Recent workers’ compensation follies

The Ninth Circuit Court of Appeals upheld an award of disability benefits to Michael Ilaszczat, “who required hip surgery after crashing to the floor of a social club on [Johnson Atoll] after he bet soldiers $100 that one of them could not high-kick over his head without touching him. He won the bet but got kicked to the floor.” Ilaszczat was subsequently expelled from the atoll for his behavior in the incident, but filed a claim for disability.

“The appeals court agreed with the earlier ruling that the two-mile-long atoll is a ‘zone of special danger’ because of its isolation and limited recreational opportunities.” (Reuters, Jan. 16) (via Bashman). The concept of “zone of special danger” arose out of a 1951 Supreme Court case, where a Guam worker spending time in his employer’s recreation center drowned in an attempt to rescue swimmers calling for help; the Supreme Court, perhaps illustrating that hard cases make bad law, held that the limited recreational opportunities in Guam made the employee’s behavior reasonably related to his job under the circumstances. The Ninth Circuit has since extended it in cases such as Self v.

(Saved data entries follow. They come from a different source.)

(* Consider the one-dimensional setting $D_f = (-a,a)$, $D_c = (-b,-a)\cup(a,b)$, $D = (-L,-b)\cup(b,L)$ with $0<a<b<L$, $\Gamma=\{-L,L\}$, and $k_\varepsilon(x) = k_{\rm per}(x/\varepsilon)$ where $k_{\rm per}$ is a measurable $1$-periodic function with $0<\alpha\le k_{\rm per}\le\beta$, and where $2a$, $b-a$ are integer multiples of $\varepsilon$. For $\overline{k}>0$, let $(\overline{u},u_\varepsilon)$ be the unique minimizer of $$ \frac12\int_D\overline k|\overline u'|^2 + \frac12\int_{D_f}k_\varepsilon|u_\varepsilon'|^2+\frac12\int_{D_c}\Big(\frac12\overline k|\overline u'|^2+\frac12k_\varepsilon|u_\varepsilon'|^2\Big) $$ over $\overline u\in H^1(-L,-a)\cup(a,L))$ with $\overline u(\pm L)=\pm L$, $u_\varepsilon\in H^1(-b,b)$, subject to $\int_{D_c}(\overline u-u_\varepsilon)'\phi'+(\overline u-u_\varepsilon)\phi = 0$ for all $\phi\in H^1(D_c)$. Then $\overline u' = m/\overline k$ on $D$, where $m=m(\overline k)$ is independent of $\varepsilon$ and satisfies $$ |D\cup D_c\cup D_f| = m\Big(\frac{|D|}{\overline k}+\frac{|D_f|}{k^\star}+|D_c|\Big\langle\frac{2}{\overline k+k_{\rm per}}\Big\rangle\Big), $$ with $k^\star = \langle k_{\rm per}^{-1}\rangle^{-1}$. Consequently the function $J_{1D}(\overline k)=\int_D|\overline u'-1|^2$ attains its minimum over $\overline k\in(0,\infty)$ at a unique point $\overline k^{\rm opt}$, characterized as the unique positive solution of $$ |D_c\cup D_f| = |D_f|\frac{\overline k^{\rm opt}}{k^\star} + |D_c|\,\overline k^{\rm opt}\Big\langle\frac{2}{\overline k^{\rm opt}+k_{\rm per}}\Big\rangle, $$ and $\overline k^{\rm opt}>k^\star$ whenever $k_{\rm per}$ is not a.e. constant.
   Context: $\langle g\rangle = \int_0^1 g(y)\,dy$ denotes the average over the periodic cell of a $1$-periodic function $g$. $|\cdot|$ denotes one-dimensional Lebesgue measure (total length). $H^1$ of a union of intervals means $H^1$ of the interior of the closure of that union, so $\overline u\in H^1((-L,-a)\cup(a,L))$ with $D\cup D_c=(-L,-a)\cup(a,L)$ and $D_c\cup D_f=(-b,b)$. *)

theory Defs
  imports "HOL-Analysis.Analysis"
begin

definition Df_set :: "real \<Rightarrow> real set" where
  "Df_set a = {-a<..<a}"

definition Dc_set :: "real \<Rightarrow> real \<Rightarrow> real set" where
  "Dc_set a b = {-b<..<-a} \<union> {a<..<b}"

definition D_set :: "real \<Rightarrow> real \<Rightarrow> real set" where
  "D_set b L = {-L<..<-b} \<union> {b<..<L}"

definition cell_avg :: "(real \<Rightarrow> real) \<Rightarrow> real" where
  "cell_avg g = (LINT y:{0..1}|lebesgue. g y)"

definition kstar :: "(real \<Rightarrow> real) \<Rightarrow> real" where
  "kstar kper = inverse (cell_avg (\<lambda>y. inverse (kper y)))"

text \<open>One-dimensional H^1 on the open interval (p,q): u is (the continuous representative)
  u(x) = u(p) + int_p^x g with weak derivative g in L^2(p,q).\<close>
definition H1_on :: "real \<Rightarrow> real \<Rightarrow> (real \<Rightarrow> real) \<Rightarrow> (real \<Rightarrow> real) \<Rightarrow> bool" where
  "H1_on p q u g \<longleftrightarrow>
     set_integrable lebesgue {p<..<q} g \<and>
     set_integrable lebesgue {p<..<q} (\<lambda>x. (g x)^2) \<and>
     (\<forall>x\<in>{p..q}. u x = u p + (LINT t:{p..x}|lebesgue. g t))"

definition admissible ::
  "real \<Rightarrow> real \<Rightarrow> real \<Rightarrow> (real \<Rightarrow> real) \<Rightarrow> (real \<Rightarrow> real) \<Rightarrow> (real \<Rightarrow> real) \<Rightarrow> (real \<Rightarrow> real) \<Rightarrow> bool"
  where
  "admissible a b L ubar gbar u g \<longleftrightarrow>
     H1_on (-L) (-a) ubar gbar \<and> H1_on a L ubar gbar \<and>
     ubar (-L) = -L \<and> ubar L = L \<and>
     H1_on (-b) b u g \<and>
     (\<forall>\<phi> \<psi>. H1_on (-b) (-a) \<phi> \<psi> \<and> H1_on a b \<phi> \<psi> \<longrightarrow>
        (LINT x:Dc_set a b|lebesgue. (gbar x - g x) * \<psi> x + (ubar x - u x) * \<phi> x) = 0)"

definition energy ::
  "real \<Rightarrow> real \<Rightarrow> real \<Rightarrow> (real \<Rightarrow> real) \<Rightarrow> real \<Rightarrow> real \<Rightarrow> (real \<Rightarrow> real) \<Rightarrow> (real \<Rightarrow> real) \<Rightarrow> real"
  where
  "energy a b L kper \<epsilon> kbar gbar g =
     (1/2) * (LINT x:D_set b L|lebesgue. kbar * (gbar x)^2)
   + (1/2) * (LINT x:Df_set a|lebesgue. kper (x / \<epsilon>) * (g x)^2)
   + (1/2) * (LINT x:Dc_set a b|lebesgue.
                 (1/2) * kbar * (gbar x)^2 + (1/2) * kper (x / \<epsilon>) * (g x)^2)"

definition is_minimizer ::
  "real \<Rightarrow> real \<Rightarrow> real \<Rightarrow> (real \<Rightarrow> real) \<Rightarrow> real \<Rightarrow> real \<Rightarrow>
   (real \<Rightarrow> real) \<Rightarrow> (real \<Rightarrow> real) \<Rightarrow> (real \<Rightarrow> real) \<Rightarrow> (real \<Rightarrow> real) \<Rightarrow> bool"
  where
  "is_minimizer a b L kper \<epsilon> kbar ubar gbar u g \<longleftrightarrow>
     admissible a b L ubar gbar u g \<and>
     (\<forall>ubar' gbar' u' g'. admissible a b L ubar' gbar' u' g' \<longrightarrow>
        energy a b L kper \<epsilon> kbar gbar g \<le> energy a b L kper \<epsilon> kbar gbar' g')"

definition J1D :: "real \<Rightarrow> real \<Rightarrow> real \<Rightarrow> (real \<Rightarrow> real) \<Rightarrow> real \<Rightarrow> real \<Rightarrow> real" where
  "J1D a b L kper \<epsilon> kbar =
     (SOME j. \<exists>ubar gbar u g. is_minimizer a b L kper \<epsilon> kbar ubar gbar u g \<and>
        j = (LINT x:D_set b L|lebesgue. (gbar x - 1)^2))"

end

theory Submission
  imports Defs
begin

text \<open>
  Testing the coupling constraint with \<phi> = ubar - u itself forces ubar = u on D_c, so an
  admissible pair is a single gradient G on (-L,L) (ubar' on D, u' on D_f and D_c) whose integral
  is fixed to 2L by the boundary values, and the energy is (1/2) \<integral> c G^2 with the conductivity
  c = kbar on D, k_\<epsilon> on D_f and (kbar + k_\<epsilon>)/2 on D_c. Completing the square gives
  (1/2) \<integral> c G^2 = m L + (1/2) \<integral> c (G - m/c)^2 with m = 2L / \<integral> 1/c, and G = m/c is admissible,
  so every minimiser has ubar' = m/kbar on D. Because D_f and D_c consist of whole cells,
  \<integral> 1/c = |D|/kbar + |D_f|/k* + |D_c| <2/(kbar + k_per)>.

  Hence J_1D(kbar) = |D| (m/kbar - 1)^2 vanishes exactly when R(kbar) = |D_c \<union> D_f|, where
  R(k) = |D_f| k/k* + |D_c| k <2/(k + k_per)> is continuous and strictly increasing from 0 to \<infinity>;
  this gives existence and uniqueness of the optimum. Finally
  k* <2/(k* + k_per)> = 1 - <(k_per - k*)^2 / (2 k_per (k_per + k*))>, which is < 1 unless k_per
  is a.e. constant, so R(k*) < |D_c \<union> D_f| and the optimum lies above k*.
\<close>

section \<open>Real analysis on intervals\<close>

lemma absolutely_integrable_on_Ioo_iff_Icc:
  fixes g :: "real \<Rightarrow> real"
  shows "g absolutely_integrable_on {p<..<q} \<longleftrightarrow> g absolutely_integrable_on {p..q}"
  using absolutely_integrable_on_open_interval[where f=g and a=p and b=q] by (simp add: box_real)

lemma bounded_measurable_absolutely_integrable:
  fixes f :: "real \<Rightarrow> real"
  assumes "f \<in> borel_measurable lebesgue" "\<And>x. x \<in> S \<Longrightarrow> \<bar>f x\<bar> \<le> B" "S \<in> lmeasurable"
  shows "f absolutely_integrable_on S"
  unfolding set_integrable_def
proof (rule integrableI_bounded_set_indicator[where B=B])
  show "S \<in> sets lebesgue" using assms(3) by (simp add: fmeasurable_def)
  show "emeasure lebesgue S < \<infinity>" using assms(3) by (metis fmeasurableD2 infinity_ennreal_def less_top)
qed (use assms in auto)

lemma absolutely_integrable_on_subinterval:
  fixes g :: "real \<Rightarrow> real"
  assumes "g absolutely_integrable_on {p..q}" "p \<le> x" "y \<le> q"
  shows "g absolutely_integrable_on {x..y}"
  by (rule set_integrable_subset[OF assms(1)]) (use assms in auto)

lemma set_lebesgue_integral_Ioo_eq_integral:
  fixes g :: "real \<Rightarrow> real"
  assumes "g absolutely_integrable_on {p..q}"
  shows "(LINT x:{p<..<q}|lebesgue. g x) = integral {p..q} g"
proof -
  have "g absolutely_integrable_on {p<..<q}"
    using assms absolutely_integrable_on_Ioo_iff_Icc by blast
  then show ?thesis by (simp add: set_lebesgue_integral_eq_integral(2) integral_open_interval_real)
qed

lemma integral_combine_absolutely_integrable:
  fixes g :: "real \<Rightarrow> real"
  assumes "g absolutely_integrable_on {p..q}" "p \<le> x" "x \<le> q"
  shows "integral {p..x} g + integral {x..q} g = integral {p..q} g"
  using Henstock_Kurzweil_Integration.integral_combine[of p x q g]
    set_lebesgue_integral_eq_integral(1)[OF assms(1)] assms(2,3) by simp

lemma set_integral_Ioo_Un:
  fixes f :: "real \<Rightarrow> real"
  assumes "f absolutely_integrable_on {p..q}" "f absolutely_integrable_on {r..s}" "q \<le> r"
  shows "(LINT x:{p<..<q} \<union> {r<..<s}|lebesgue. f x) = integral {p..q} f + integral {r..s} f"
    "set_integrable lebesgue ({p<..<q} \<union> {r<..<s}) f"
proof -
  have Ioo: "set_integrable lebesgue {p<..<q} f" "set_integrable lebesgue {r<..<s} f"
    using assms(1,2) absolutely_integrable_on_Ioo_iff_Icc by blast+
  have "(LINT x:{p<..<q} \<union> {r<..<s}|lebesgue. f x)
      = (LINT x:{p<..<q}|lebesgue. f x) + (LINT x:{r<..<s}|lebesgue. f x)"
    by (rule set_integral_Un) (use Ioo assms(3) in auto)
  then show "(LINT x:{p<..<q} \<union> {r<..<s}|lebesgue. f x) = integral {p..q} f + integral {r..s} f"
    using set_lebesgue_integral_Ioo_eq_integral[OF assms(1)]
      set_lebesgue_integral_Ioo_eq_integral[OF assms(2)] by simp
  show "set_integrable lebesgue ({p<..<q} \<union> {r<..<s}) f" using Ioo by (rule set_integrable_Un) auto
qed

lemma absolutely_integrable_square_diff:
  fixes f g :: "real \<Rightarrow> real"
  assumes "f absolutely_integrable_on S" "g absolutely_integrable_on S" "S \<in> sets lebesgue"
    "(\<lambda>x. (f x)^2) absolutely_integrable_on S" "(\<lambda>x. (g x)^2) absolutely_integrable_on S"
  shows "(\<lambda>x. (f x - g x)^2) absolutely_integrable_on S"
proof (rule measurable_bounded_by_integrable_imp_absolutely_integrable)
  have "(\<lambda>x. f x - g x) absolutely_integrable_on S" using assms(1,2) by (rule set_integral_diff(1))
  then have "(\<lambda>x. f x - g x) \<in> borel_measurable (lebesgue_on S)"
    using absolutely_integrable_measurable[OF assms(3)] by blast
  then show "(\<lambda>x. (f x - g x)^2) \<in> borel_measurable (lebesgue_on S)" by (rule borel_measurable_power)
  have "(\<lambda>x. 2 * (f x)^2 + 2 * (g x)^2) absolutely_integrable_on S"
    using assms(4,5) by (intro set_integral_add(1) set_integrable_mult_right)
  then show "(\<lambda>x. 2 * (f x)^2 + 2 * (g x)^2) integrable_on S"
    by (rule set_lebesgue_integral_eq_integral(1))
  show "norm ((f x - g x)^2) \<le> 2 * (f x)^2 + 2 * (g x)^2" for x
  proof -
    have "(f x - g x)^2 + (f x + g x)^2 = 2 * (f x)^2 + 2 * (g x)^2"
      by (simp add: power2_eq_square algebra_simps)
    then have "(f x - g x)^2 \<le> 2 * (f x)^2 + 2 * (g x)^2"
      using zero_le_power2[of "f x + g x"] by linarith
    then show ?thesis by simp
  qed
qed (rule assms(3))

Henson, a 1962 case where the employer was held responsible for a woman injured during a late-night rendezvous with her supervisor in a parked car that was struck by an army weapons carrier.

On the mainland, on the other hand, a California Court of Appeals denied workers compensation for a PG&E employee who argued that the stress of the company’s bankruptcy (and from the loss of his investment in the company stock) was a compensable psychiatric injury. (Roberto Ceniceros, “Stress from company setbacks not compensable”, Business Insurance Daily News, Jan. 13).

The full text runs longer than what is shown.